Он набрал ее номер, слышал долгие гудки, которые, наконец, вырвали ее из сна, потом ее хриплый голос и радость, когда она узнала, кто звонит. Он сказал ей всю правду. Она не перебивала. Ни вздохом, ни словом. Он сказал, что он — нищий эмигрант. Что он действительно режиссер. Но бывший. Никто не пригласил его на совместный советско-американский фильм и никогда, по-видимому, не пригласит. У него ни гроша в кармане. А за номер в гостинице платят те, кто наняли его на неделю читать скучные лекции наивным американцам о советской внешней политике, сведения о которой он сам черпал из американских газет.
О своей зубной боли он снова умолчал. — Прости меня, Катя… Если можешь.
Трубка долго молчала.
— Ладно, — сказала Катя. — Прощаю. Если для тебя это важно. Хоть ты и подлец, но мужчиной оказался отменным. Американцев я таких не встречала.
Алекс рассмеялся в телефон:
— Дорогая Кэт, спасибо за комплимент. Только, ради Бога, не адресуй его русскому народу. Я — нерусский. Я — еврей. Из России. Поэтому будет справедливо, если мой сексуальный успех разделят со мной мои соплеменники, евреи.
— Вы не только негодяй, вы еще и националист.
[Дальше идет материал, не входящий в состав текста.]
text \<open>Entry of A nu at patch x of block j.\<close>
definition A_times ::
  "(nat \<Rightarrow> (real^'g) set) set \<Rightarrow> ((nat \<Rightarrow> (real^'g) set) \<Rightarrow> real) \<Rightarrow> nat \<Rightarrow> (real^'g) set \<Rightarrow> real" where
  "A_times H \<nu> j x = (\<Sum>c\<in>{c \<in> H. c j = x}. \<nu> c)"

text \<open>nu in R^H_+ with A_{-J} nu = pi_{-J}.\<close>
definition feasible ::
  "(nat \<Rightarrow> real^'g) \<Rightarrow> nat \<Rightarrow> (nat \<Rightarrow> (real^'g) measure) \<Rightarrow> ((real^'g) set \<Rightarrow> real^'g)
    \<Rightarrow> ((nat \<Rightarrow> (real^'g) set) \<Rightarrow> real) set" where
  "feasible p J P rep =
     {\<nu>. (\<forall>c \<in> columns p J rep. 0 \<le> \<nu> c) \<and> (\<forall>c. c \<notin> columns p J rep \<longrightarrow> \<nu> c = 0) \<and>
          (\<forall>j < J - 1. \<forall>x \<in> patches p J j. A_times (columns p J rep) \<nu> j x = measure (P j) x)}"

end

theory Submission
  imports Defs
begin

text \<open>Let \<open>Q\<close> be a distribution of rationalizable demand vectors with marginals \<open>P j\<close>. Since
  patches on several planes are null, almost every demand lies in a patch, and the tuple of
  patches of a rationalizable vector is a column of \<open>A\<close>: rationalizability depends only on
  the positions of the demands relative to the budget planes, as a truncated Afriat
  construction shows. The weights \<open>\<nu> c = Q{d. d has patch tuple c}\<close> are therefore feasible
  and reproduce every block of \<open>\<pi>\<close>, the last one included. The patches of the last budget
  lying entirely in \<open>{y. y_k \<le> z}\<close> are contained in that event, which in turn is covered, up
  to a null set, by the patches meeting it; so \<open>F_k(z)\<close> lies between the two sums at this
  \<open>\<nu>\<close>, hence between their infimum and supremum over the feasible set.\<close>

section \<open>Revealed preference and Afriat-type utilities\<close>

lemma inner_strict_mono_pos_weights:
  fixes a x y :: "real^'g"
  assumes "\<forall>g. 0 < a $ g" and "\<forall>g. x $ g \<le> y $ g" and "x \<noteq> y"
  shows "a \<bullet> x < a \<bullet> y"
proof -
  obtain g0 where g0: "x $ g0 \<noteq> y $ g0" using assms(3) by (meson vec_eq_iff)
  have "a \<bullet> y - a \<bullet> x = (\<Sum>g\<in>UNIV. a $ g * (y $ g - x $ g))"
    by (simp add: inner_vec_def sum_subtractf algebra_simps)
  also have "\<dots> > 0"
  proof (rule sum_pos2[where i=g0])
    show "0 < a $ g0 * (y $ g0 - x $ g0)"
      using assms(1,2) g0 by (simp add: order_less_le)
    show "0 \<le> a $ g * (y $ g - x $ g)" for g
      using assms(1,2) by (simp add: less_imp_le)
  qed auto
  finally show ?thesis by simp
qed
Кэт рассмеялась на другом конце провода.
В Питтсбурге перед лекцией ему вырвали зуб с наросшим на корне мешком гноя, и врач-американец удивился, как он смог выдержать такую адскую боль в течение почти суток.
— Вы, русские, — железные люди.
Лекцию Алекс читал с кровавым ватным тампоном в дыре между оставшимися зубами. При этом немножко шепелявил. Слушатели же приписали это русскому акценту лектора.
История, рассказанная Алексом, понравилась мужчинам. Даже старейший Сэм Кипнис, давным-давно отошедший от активных дел в бизнесе, а от сексуальных и подавно, пришел в неожиданное возбуждение и предложил Алексу, когда гости прощались с хозяевами, прогуляться пешком перед сном, благо им было по пути.
Чтобы добраться до эмигрантского клоповника на Западной стороне, нужно было обогнуть Сентрал-Парк и пройти фешенебельную Сауф-Лещьдарк, состоявшую из самых дорогих отелей, где богатые люди снимали квартиры и жили под охраной вооруженной стражи и объективов телекамер. В одном из этих отелей снимал холостяцкую квартиру стоимостью в полторы тысячи долларов в месяц престарелый Сэм Кипнис. Вторую такую же квартиру он держал в другом отеле на другом конце Америки, в жарком Майами, и жил попеременно, в зависимости от времени года, то там, то здесь.